Copy out exactly the stretch of the listing below that begins at the line containing "- t) \<noteq>" and ends at the line containing "r D by simp", and copy nothing outside it.

..........

lemma norm_cis_diff: "cmod (cis \<phi> - of_real \<rho> * cis \<psi>) = sqrt (chord_sq \<rho> (\<phi> - \<psi>))"
proof -
  have "(cmod (cis \<phi> - of_real \<rho> * cis \<psi>))\<^sup>2 = (cos \<phi> - \<rho> * cos \<psi>)\<^sup>2 + (sin \<phi> - \<rho> * sin \<psi>)\<^sup>2"
    by (simp add: cmod_power2)
  also have "\<dots> = ((cos \<phi>)\<^sup>2 + (sin \<phi>)\<^sup>2) + \<rho>\<^sup>2 * ((cos \<psi>)\<^sup>2 + (sin \<psi>)\<^sup>2)
                   - 2 * \<rho> * (cos \<phi> * cos \<psi> + sin \<phi> * sin \<psi>)"
    by algebra
  also have "\<dots> = chord_sq \<rho> (\<phi> - \<psi>)" by (simp add: chord_sq_def cos_diff)
  finally show ?thesis by (metis norm_ge_zero real_sqrt_unique)
qed

lemma chord_sq_sin: "chord_sq \<rho> w = (1 - \<rho>)\<^sup>2 + 4 * \<rho> * (sin (w / 2))\<^sup>2"
proof -
  have c: "cos w = 1 - 2 * (sin (w / 2))\<^sup>2" using cos_double_sin[of "w / 2"] by simp
  show ?thesis unfolding chord_sq_def c by (simp add: power2_eq_square algebra_simps)
qed

lemma chord_sq_pos: "0 \<le> \<rho> \<Longrightarrow> \<rho> < 1 \<Longrightarrow> 0 < chord_sq \<rho> w"
  unfolding chord_sq_sin by (simp add: add_pos_nonneg)

lemma chord_sq_periodic: "chord_sq \<rho> (w + 2 * pi * of_int k) = chord_sq \<rho> w"
  by (simp add: chord_sq_def cos_add)

(* First and second derivative of F(t) = ln (chord_sq \<rho> (v - t)) / 2, i.e. of
   ln |z - \<rho> e^{i(\<theta> + t)}| as the node angle is perturbed by t. *)
lemma has_derivative_log_chord_sq:
  assumes "0 \<le> \<rho>" "\<rho> < 1"
  shows "((\<lambda>t. ln (chord_sq \<rho> (v - t)) / 2) has_real_derivative
           - \<rho> * sin (v - t) / chord_sq \<rho> (v - t)) (at t)"
  using chord_sq_pos[OF assms, of "v - t"]
  unfolding chord_sq_def by (auto intro!: derivative_eq_intros simp: field_simps)

lemma has_second_derivative_log_chord_sq:
  assumes "0 \<le> \<rho>" "\<rho> < 1"
  shows "((\<lambda>t. - \<rho> * sin (v - t) / chord_sq \<rho> (v - t)) has_real_derivative
     (\<rho> * cos (v - t) * chord_sq \<rho> (v - t) - 2 * \<rho>\<^sup>2 * (sin (v - t))\<^sup>2) / (chord_sq \<rho> (v - t))\<^sup>2) (at t)"
proof -
  have "1 + \<rho>\<^sup>2 - 2 * \<rho> * cos (v - t) \<noteq> 0"
    using chord_sq_pos[OF assms, of "v - t"] by (simp add: chord_sq_def)
  then show ?thesis
    unfolding chord_sq_def
    by (auto intro!: derivative_eq_intros simp: power2_eq_square) (simp add: divide_simps algebra_simps)
qed

(* The second derivative of F is at most 3 / chord_sq in absolute value; hence F is
   nearly affine wherever the chord stays long compared with the perturbation. *)
lemma second_derivative_log_chord_sq_bound:
  assumes r: "0 \<le> \<rho>" "\<rho> < 1"
  shows "\<bar>(\<rho> * cos w * chord_sq \<rho> w - 2 * \<rho>\<^sup>2 * (sin w)\<^sup>2) / (chord_sq \<rho> w)\<^sup>2\<bar> \<le> 3 / chord_sq \<rho> w"
proof -
  define D where "D = chord_sq \<rho> w"
  have D: "0 < D" unfolding D_def using chord_sq_pos[OF r] .
  have sin_sq: "(sin w)\<^sup>2 \<le> 2 * (1 - cos w)"
  proof -
    have "(sin w)\<^sup>2 = (1 - cos w) * (1 + cos w)" by (simp add: sin_squared_eq power2_eq_square algebra_simps)
    also have "\<dots> \<le> (1 - cos w) * 2" using cos_le_one[of w] by (intro mult_left_mono) auto
    finally show ?thesis by simp
  qed
  have "D = (1 - \<rho>)\<^sup>2 + 2 * \<rho> * (1 - cos w)" by (simp add: D_def chord_sq_def power2_eq_square algebra_simps)
  then have "2 * \<rho> * (1 - cos w) \<le> D" by simp
  moreover have "\<rho> * (sin w)\<^sup>2 \<le> \<rho> * (2 * (1 - cos w))" using sin_sq r by (intro mult_left_mono) auto
  ultimately have sin_D: "\<rho> * (sin w)\<^sup>2 \<le> D" by (simp add: algebra_simps)
  have "\<bar>\<rho> * cos w * D\<bar> = \<rho> * \<bar>cos w\<bar> * D" using r D by (simp add: abs_mult)
  also have "\<dots> \<le> \<rho> * 1 * D"
    using r D abs_cos_le_one[of w] by (intro mult_right_mono mult_left_mono) auto
  finally have "\<bar>\<rho> * cos w * D\<bar> \<le> \<rho> * D" by simp
  moreover have "\<bar>2 * \<rho>\<^sup>2 * (sin w)\<^sup>2\<bar> \<le> 2 * \<rho> * D"
    using sin_D r by (simp add: power2_eq_square mult.assoc mult_left_mono)
  moreover have "\<rho> * D + 2 * \<rho> * D \<le> 3 * D" using r D by simp
  ultimately have "\<bar>\<rho> * cos w * D - 2 * \<rho>\<^sup>2 * (sin w)\<^sup>2\<bar> \<le> 3 * D" by linarith
  then have "\<bar>\<rho> * cos w * D - 2 * \<rho>\<^sup>2 * (sin w)\<^sup>2\<bar> / D\<^sup>2 \<le> 3 * D / D\<^sup>2"
    using D by (simp add: divide_right_mono)
  then show ?thesis using D by (simp add: D_def[symmetric] power2_eq_square abs_div)
qed

lemma mvt_bound:
  fixes f f' :: "real \<Rightarrow> real"
  assumes d: "\<And>s. \<bar>s\<bar> \<le> \<bar>t\<bar> \<Longrightarrow> (f has_real_derivative f' s) (at s)"
    and b: "\<And>s. \<bar>s\<bar> \<le> \<bar>t\<bar> \<Longrightarrow> \<bar>f' s\<bar> \<le> B"
  shows "\<bar>f t - f 0\<bar> \<le> B * \<bar>t\<bar>"
proof (cases "0 \<le> t")
  case True
  show ?thesis
  proof (cases "t = 0")
    case False
    then obtain \<xi> where \<xi>: "0 < \<xi>" "\<xi> < t" "f t - f 0 = (t - 0) * f' \<xi>"
      using MVT2[of 0 t f f'] d True by force
    have "\<bar>f' \<xi>\<bar> \<le> B" using b \<xi> by auto
    then show ?thesis using \<xi> by (simp add: abs_mult mult.commute mult_left_mono)
  qed simp
next
  case False
  then obtain \<xi> where \<xi>: "t < \<xi>" "\<xi> < 0" "f 0 - f t = (0 - t) * f' \<xi>"
    using MVT2[of t 0 f f'] d by force
  have "\<bar>f' \<xi>\<bar> \<le> B" using b \<xi> by auto
  then have "\<bar>f 0 - f t\<bar> \<le> B * \<bar>t\<bar>" using \<xi> False by (simp add: abs_mult mult.commute mult_left_mono)
  then show ?thesis by simp
qed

..........

▶ _Exercise result_:
  have "1 + \<rho>\<^sup>2 - 2 * \<rho> * cos (v - t) \<noteq> 0"
    using chord_sq_pos[OF assms, of "v - t"] by (simp add: chord_sq_def)
  then show ?thesis
    unfolding chord_sq_def
    by (auto intro!: derivative_eq_intros simp: power2_eq_square) (simp add: divide_simps algebra_simps)
qed

(* The second derivative of F is at most 3 / chord_sq in absolute value; hence F is
   nearly affine wherever the chord stays long compared with the perturbation. *)
lemma second_derivative_log_chord_sq_bound:
  assumes r: "0 \<le> \<rho>" "\<rho> < 1"
  shows "\<bar>(\<rho> * cos w * chord_sq \<rho> w - 2 * \<rho>\<^sup>2 * (sin w)\<^sup>2) / (chord_sq \<rho> w)\<^sup>2\<bar> \<le> 3 / chord_sq \<rho> w"
proof -
  define D where "D = chord_sq \<rho> w"
  have D: "0 < D" unfolding D_def using chord_sq_pos[OF r] .
  have sin_sq: "(sin w)\<^sup>2 \<le> 2 * (1 - cos w)"
  proof -
    have "(sin w)\<^sup>2 = (1 - cos w) * (1 + cos w)" by (simp add: sin_squared_eq power2_eq_square algebra_simps)
    also have "\<dots> \<le> (1 - cos w) * 2" using cos_le_one[of w] by (intro mult_left_mono) auto
    finally show ?thesis by simp
  qed
  have "D = (1 - \<rho>)\<^sup>2 + 2 * \<rho> * (1 - cos w)" by (simp add: D_def chord_sq_def power2_eq_square algebra_simps)
  then have "2 * \<rho> * (1 - cos w) \<le> D" by simp
  moreover have "\<rho> * (sin w)\<^sup>2 \<le> \<rho> * (2 * (1 - cos w))" using sin_sq r by (intro mult_left_mono) auto
  ultimately have sin_D: "\<rho> * (sin w)\<^sup>2 \<le> D" by (simp add: algebra_simps)
  have "\<bar>\<rho> * cos w * D\<bar> = \<rho> * \<bar>cos w\<bar> * D" using r D by (simp add: abs_mult)
  also have "\<dots> \<le> \<rho> * 1 * D"
    using r D abs_cos_le_one[of w] by (intro mult_right_mono mult_left_mono) auto
  finally have "\<bar>\<rho> * cos w * D\<bar> \<le> \<rho> * D" by simp
  moreover have "\<bar>2 * \<rho>\<^sup>2 * (sin w)\<^sup>2\<bar> \<le> 2 * \<rho> * D"
    using sin_D r by (simp add: power2_eq_square mult.assoc mult_left_mono)
  moreover have "\<rho> * D + 2 * \<rho> * D \<le> 3 * D" using r D by simp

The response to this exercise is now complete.